Сила обстоятельств - де Бовуар Симона 21 стр.


Пьеса уже длилась дольше, чем положено нормальному спектаклю. Симона Беррьо, пребывавшая в полной растерянности, умоляла Сартра завершить ее в двадцать реплик и требовала огромных купюр, Сартр уверял, что когда она блуждает по театру, то ее пальцы машинально имитируют движения ножниц; она просила всех близких Сартру людей оказать на него давление, согласился один лишь Ко: его вмешательство воспринято было очень плохо. Жана Ко поддержал Брассёр, потому что роль превышала возможности его памяти. При написании каждого слова Сартр знал, что первой заботой директрисы и главного исполнителя будет заставить автора вычеркнуть это слово. Десятая картина давалась Сартру с трудом, хотя он придумал ее чуть ли не раньше всех остальных. Какова бы ни была сила обвинительной речи Генриха против Гёца, сцена казалась дидактичной; она сразу ожила и воспламенилась, когда перед озадаченным Генрихом сам Гёц со страстью стал обвинять себя. Сартр принес рукопись в театр. "Я тотчас отдам ее печатать", – сказала Симона Беррьо. Проходя мимо ее ложи, Ко заметил Анри Жансона, которого она спрятала там, отдав ему текст Сартра: она не доверяла ни Сартру, ни своему собственному суждению. Жансон успокоил ее.
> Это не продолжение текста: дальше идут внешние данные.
(* Let $n \ge 2$ and suppose every maximal order $\Gamma$ in $\mathbb{Q}[\zeta_{2n}, j]$ with $\mathbb{Z}[\zeta_{2n}, j] \subseteq \Gamma$ satisfies $\Gamma_0^\times := \{\alpha \in \Gamma : \mathrm{nr}(\alpha) = 1\} \cong Q_{4n}$. Let $I \le \mathbb{Z}[\zeta_{2n}, j]$ be a left ideal, and suppose there exist $u_1, \dots, u_l \in \mathbb{Q}[\zeta_{2n}, j]$ with $\mathrm{nr}(u_i) = 1$ and $I u_i \subseteq I$ for $1 \le i \le l$, such that the group $\langle u_1, \dots, u_l \rangle$ is not isomorphic to a subgroup of $Q_{4n}$. Then $I$ is not a free $\mathbb{Z}[\zeta_{2n}, j]$-module.
   Context: $\zeta_d = e^{2\pi i/d}$; $\mathbb{Z}[\zeta_d, j]$ denotes the subring of the real quaternions $\mathbb{R}[i,j]$ generated by $\zeta_d$ (viewed in $\mathbb{R}+\mathbb{R}i \cong \mathbb{C}$) and $j$, and $\mathbb{Q}[\zeta_d, j] = \mathbb{Q}\otimes\mathbb{Z}[\zeta_d,j]$, a quaternion algebra over $\mathbb{Q}(\zeta_d + \zeta_d^{-1})$. $\mathrm{nr}$ denotes the reduced norm. $Q_{4n}$ is the quaternion group of order $4n$. *)

theory Defs
  imports "HOL-Analysis.Analysis" "HOL-Algebra.Algebra"
begin

text \<open>A real quaternion is written uniquely as a + b j with a, b complex numbers
  (complex numbers viewed inside R + R i), where j^2 = -1 and j z = cnj z j.\<close>

datatype quat = Quat (cpart: complex) (jpart: complex)

instantiation quat :: ring_1
begin
definition "0 = Quat 0 0"
definition "1 = Quat 1 0"
definition "p + q = Quat (cpart p + cpart q) (jpart p + jpart q)"
definition "p - q = Quat (cpart p - cpart q) (jpart p - jpart q)"
definition "- p = Quat (- cpart p) (- jpart p)"
definition "p * q = Quat (cpart p * cpart q - jpart p * cnj (jpart q))
                         (cpart p * jpart q + jpart p * cnj (cpart q))"
instance
  by standard
     (auto simp: zero_quat_def one_quat_def plus_quat_def minus_quat_def
        uminus_quat_def times_quat_def algebra_simps quat.expand)
end

definition cq :: "complex \<Rightarrow> quat" where "cq z = Quat z 0"
definition jq :: quat where "jq = Quat 0 1"

definition nr :: "quat \<Rightarrow> real" where
  "nr q = (cmod (cpart q))\<^sup>2 + (cmod (jpart q))\<^sup>2"

definition zeta :: "nat \<Rightarrow> complex" where "zeta d = cis (2 * pi / real d)"

inductive_set Zring :: "nat \<Rightarrow> quat set" for d where
  one: "1 \<in> Zring d"
| zeta: "cq (zeta d) \<in> Zring d"
| j: "jq \<in> Zring d"
| add: "x \<in> Zring d \<Longrightarrow> y \<in> Zring d \<Longrightarrow> x + y \<in> Zring d"
| neg: "x \<in> Zring d \<Longrightarrow> - x \<in> Zring d"
| mult: "x \<in> Zring d \<Longrightarrow> y \<in> Zring d \<Longrightarrow> x * y \<in> Zring d"

text \<open>Q \<otimes> Z[zeta_d,j], realised as its (isomorphic) image in the real quaternions,
  i.e. the Q-span of Z[zeta_d,j].\<close>
definition Qalg :: "nat \<Rightarrow> quat set" where
  "Qalg d = {cq (of_real (1 / real m)) * x | m x. m > 0 \<and> x \<in> Zring d}"

definition subring_q :: "quat set \<Rightarrow> bool" where
  "subring_q R \<longleftrightarrow> 1 \<in> R \<and> (\<forall>x\<in>R. \<forall>y\<in>R. x + y \<in> R \<and> - x \<in> R \<and> x * y \<in> R)"

definition fin_gen_Z :: "quat set \<Rightarrow> bool" where
  "fin_gen_Z M \<longleftrightarrow> (\<exists>S. finite S \<and> M = {\<Sum>s\<in>S. of_int (c s) * s | c. True})"

text \<open>A (Z-)order in the Q-algebra A: a subring that is a finitely generated
  Z-module and contains a Q-basis of A (Q \<Gamma> = A).\<close>
definition is_order :: "quat set \<Rightarrow> quat set \<Rightarrow> bool" where
  "is_order A \<Gamma> \<longleftrightarrow> \<Gamma> \<subseteq> A \<and> subring_q \<Gamma> \<and> fin_gen_Z \<Gamma> \<and>
     (\<forall>a\<in>A. \<exists>m::int. m > 0 \<and> of_int m * a \<in> \<Gamma>)"

definition maximal_order :: "quat set \<Rightarrow> quat set \<Rightarrow> bool" where
  "maximal_order A \<Gamma> \<longleftrightarrow> is_order A \<Gamma> \<and> (\<forall>\<Gamma>'. is_order A \<Gamma>' \<and> \<Gamma> \<subseteq> \<Gamma>' \<longrightarrow> \<Gamma>' = \<Gamma>)"

definition unitq :: "quat monoid" where
  "unitq = \<lparr>carrier = {q. nr q = 1}, mult = (*), one = 1\<rparr>"

definition norm_one_group :: "quat set \<Rightarrow> quat monoid" where
  "norm_one_group \<Gamma> = unitq\<lparr>carrier := {\<alpha> \<in> \<Gamma>. nr \<alpha> = 1}\<rparr>"

text \<open>The quaternion (binary dihedral) group Q_{4n} of order 4n, realised as the
  subgroup of unit quaternions generated by zeta_{2n} and j.\<close>
definition Q4 :: "nat \<Rightarrow> quat monoid" where
  "Q4 n = unitq\<lparr>carrier := {cq (zeta (2*n) ^ k) | k. k < 2*n}
                          \<union> {cq (zeta (2*n) ^ k) * jq | k. k < 2*n}\<rparr>"

definition left_ideal :: "quat set \<Rightarrow> quat set \<Rightarrow> bool" where
  "left_ideal R I \<longleftrightarrow> I \<subseteq> R \<and> 0 \<in> I \<and>
     (\<forall>x\<in>I. \<forall>y\<in>I. x + y \<in> I \<and> - x \<in> I) \<and> (\<forall>r\<in>R. \<forall>x\<in>I. r * x \<in> I)"

definition free_left_module :: "quat set \<Rightarrow> quat set \<Rightarrow> bool" where
  "free_left_module R M \<longleftrightarrow> (\<exists>B \<subseteq> M.
     (\<forall>F c. finite F \<and> F \<subseteq> B \<and> (\<forall>b\<in>F. c b \<in> R) \<and> (\<Sum>b\<in>F. c b * b) = 0
            \<longrightarrow> (\<forall>b\<in>F. c b = 0)) \<and>
     (\<forall>x\<in>M. \<exists>F c. finite F \<and> F \<subseteq> B \<and> (\<forall>b\<in>F. c b \<in> R) \<and> x = (\<Sum>b\<in>F. c b * b)))"

end

theory Submission
  imports Defs "HOL-Computational_Algebra.Computational_Algebra"
begin

text \<open>A free left ideal \<open>I\<close> of \<open>\<Lambda> = \<int>[\<zeta>\<^sub>2\<^sub>n, j]\<close> is principal, \<open>I = \<Lambda> b\<close>, since any two
  quaternions satisfy a nontrivial \<open>\<Lambda>\<close>-linear relation. Conjugation by \<open>b\<close> then embeds the group
  generated by the \<open>u\<^sub>i\<close> into \<open>\<Lambda>\<^sub>0\<^sup>\<times>\<close>, and \<open>\<Lambda>\<^sub>0\<^sup>\<times> = Q\<^sub>4\<^sub>n\<close>: for
  \<open>P(\<zeta>) + Q(\<zeta>) j\<close> of norm one, \<open>|P(\<zeta>)|\<^sup>2 + |Q(\<zeta>)|\<^sup>2 = 1\<close> is an integer polynomial
  relation in \<open>\<zeta>\<close> and therefore holds at every Galois conjugate of \<open>\<zeta>\<close>. By Kronecker's
  theorem \<open>P(\<zeta>)\<close> and \<open>Q(\<zeta>)\<close> are zero or roots of unity, so one of them vanishes and the
  other is a root of unity in \<open>\<int>[\<zeta>\<^sub>2\<^sub>n]\<close>, hence a power of \<open>\<zeta>\<^sub>2\<^sub>n\<close>.\<close>

hide_const (open) Polynomials.degree Polynomials.lead_coeff up_ring.monom up_ring.coeff
  module.smult Divisibility.prime

lemma map_poly_of_int_add [simp]:
  "map_poly (of_int :: int \<Rightarrow> 'a::comm_ring_1) (p + q) = map_poly of_int p + map_poly of_int q"
  by (rule poly_eqI) (simp add: coeff_map_poly)

lemma map_poly_of_int_diff [simp]:
  "map_poly (of_int :: int \<Rightarrow> 'a::comm_ring_1) (p - q) = map_poly of_int p - map_poly of_int q"
  by (rule poly_eqI) (simp add: coeff_map_poly)

lemma map_poly_of_int_uminus [simp]:
  "map_poly (of_int :: int \<Rightarrow> 'a::comm_ring_1) (- p) = - map_poly of_int p"
  by (rule poly_eqI) (simp add: coeff_map_poly)

lemma map_poly_of_int_mult [simp]:
  "map_poly (of_int :: int \<Rightarrow> 'a::comm_ring_1) (p * q) = map_poly of_int p * map_poly of_int q"
  by (rule poly_eqI) (simp add: coeff_map_poly coeff_mult)

lemma map_poly_of_int_power [simp]:
  "map_poly (of_int :: int \<Rightarrow> 'a::comm_ring_1) (p ^ k) = map_poly of_int p ^ k"
  by (induction k) simp_all

lemma map_poly_of_int_pcompose [simp]:
  "map_poly (of_int :: int \<Rightarrow> 'a::comm_ring_1) (pcompose p q) =
     pcompose (map_poly of_int p) (map_poly of_int q)"
  by (induction p) (simp_all add: map_poly_pCons pcompose_pCons)

lemma map_poly_of_int_pderiv [simp]:
  "map_poly (of_int :: int \<Rightarrow> 'a::idom) (pderiv p) = pderiv (map_poly of_int p)"
  by (rule poly_eqI) (simp add: coeff_map_poly coeff_pderiv)

lemma map_poly_of_int_monom [simp]:
  "map_poly (of_int :: int \<Rightarrow> 'a::comm_ring_1) (monom c k) = monom (of_int c) k"
  by (simp add: map_poly_monom)

lemmas [simp] = poly_monom poly_pcompose

abbreviation ipoly :: "int poly \<Rightarrow> complex \<Rightarrow> complex" where
  "ipoly P x \<equiv> poly (map_poly of_int P) x"

lemma ipoly_smult [simp]: "ipoly (smult c P) x = of_int c * ipoly P x"
  by (simp add: map_poly_smult)

lemma ipoly_pCons [simp]: "ipoly (pCons a P) x = of_int a + x * ipoly P x"
  by (simp add: map_poly_pCons)

lemma ipoly_of_nat [simp]: "ipoly (of_nat k) x = of_nat k"
  by (simp add: of_nat_poly)

lemma ipoly_cnj: "ipoly P (cnj z) = cnj (ipoly P z)"
  by (simp add: poly_cnj map_poly_map_poly o_def)

lemma ipoly_dvd_root: "P dvd R \<Longrightarrow> ipoly P x = 0 \<Longrightarrow> ipoly R x = 0"
  by (elim dvdE) simp

lemma lead_coeff_monom_minus_one:
  assumes "L > 0"
  shows "lead_coeff (monom 1 L - 1 :: int poly) = 1"
proof -
  have eq: "monom 1 L - 1 = monom 1 L + [:-1 :: int:]" by (simp add: one_pCons)
  have "degree (monom 1 L + [:-1 :: int:]) = L"
    using assms by (subst degree_add_eq_left) (simp_all add: degree_monom_eq)
  then show ?thesis using assms by (simp only: eq) (simp add: coeff_pCons split: nat.split)
qed

lemma monic_int_poly_division:
  fixes g P :: "int poly"
  assumes "lead_coeff g = 1"
  obtains q r where "P = g * q + r" "r = 0 \<or> degree r < degree g"
proof -
  have gne: "g \<noteq> 0" using assms by auto
  obtain q r where qr: "pseudo_divmod P g = (q, r)" by (cases "pseudo_divmod P g")
  have "smult (coeff g (degree g) ^ (Suc (degree P) - degree g)) P = g * q + r"
    using pseudo_divmod(1)[OF gne qr] .
  then have "P = g * q + r" using assms by simp
  then show ?thesis using that pseudo_divmod(2)[OF gne qr] by blast
qed

lemma primitive_dvd_smult_cancel:
  fixes g R :: "int poly"
  assumes "content g = 1" "g dvd smult a R" "a \<noteq> 0"
  shows "g dvd R"
proof -
  have "fract_poly g dvd smult (to_fract a) (fract_poly R)"
    using fract_poly_dvd[OF assms(2)] by simp
  then have "fract_poly g dvd fract_poly R"
    using assms(3) by (simp add: dvd_smult_iff)
  then show ?thesis using fract_poly_dvdD assms(1) by blast
qed

section \<open>Minimal polynomials and conjugates\<close>

definition int_min_poly :: "complex \<Rightarrow> int poly \<Rightarrow> bool" where
  "int_min_poly x g \<longleftrightarrow> g \<noteq> 0 \<and> ipoly g x = 0 \<and> (\<forall>R. ipoly R x = 0 \<longrightarrow> g dvd R)"

definition alg_conjugates :: "complex \<Rightarrow> complex set" where
  "alg_conjugates x = {z. \<forall>R. ipoly R x = 0 \<longrightarrow> ipoly R z = 0}"

lemma alg_conjugates_trans: "y \<in> alg_conjugates x \<Longrightarrow> z \<in> alg_conjugates y \<Longrightarrow> z \<in> alg_conjugates x"
  by (simp add: alg_conjugates_def)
Во всех этих спорах Жуве участия не принимал: практически он был уже мертв; зная, что со своим больным сердцем он почти наверняка обречен, в первый день поста Жуве сфотографировался за принесением великого покаяния. Он терпеть не мог богохульства Сартра. Приложив большой палец правой руки к пульсу на левой и устремив глаза на часы, Жуве делал вид, будто отмеряет по минутам сцены, и пропускал их без единого замечания.

Зато актеры обнадеживали нас. В первом акте Брассёр являл ошеломляющего Гёца; к несчастью, во второй части он играл двуличного лгуна, в то время как Гёц в своей безумной гордыне искренне отвергает обманное Добро. Вилар действительно был Генрихом: однажды мы видели, как он, остановив такси, отодвинулся, дабы первым пропустить в машину своего дьявола. Казарес, Мария Оливье, Шоффар, почти все исполнители были превосходны. Декорации Лабисса показались мне чересчур реалистичными. И Сартр не смог добиться, чтобы испачкали или порвали слишком красивые костюмы, выполненные Шиапарелли.

На репетиции всегда приходило много народа. Мы часто встречались с Брассёром и Линой. Один раз ужинали с Лазаревым, помогавшим Симоне Беррьо финансировать пьесу; несмотря на все, что разделяло его с Сартром, трапеза прошла в сердечной обстановке. Нередко за Казарес приезжал Камю, они выпивали с Сартром по стаканчику: наступил короткий период возобновления их дружбы.

Наконец спектакль был готов, но ценой стольких интриг и споров, что в день генеральной репетиции мы оказались в ссоре с Симоной Беррьо и Брассёрами; Жуве уехал в провинцию. Я ожидала поднятия занавеса, стоя в глубине зала рядом с Линой, на которой было роскошное вечернее платье; одно и то же волнение сжимало нам горло, но мы не обменялись ни словом. Я знала, что означали три удара: внезапное преображение привычного текста в публичное творение; я этого желала и страшилась более мучительно, чем когда-либо. Вскоре, однако, я вздохнула с облегчением; послышался один свисток, по рядам пробежала какая-то дрожь, и зал замер. Я бродила, успокоившись, по коридорам, садилась время от времени в ложу Симоны Беррьо, не разговаривая с ней.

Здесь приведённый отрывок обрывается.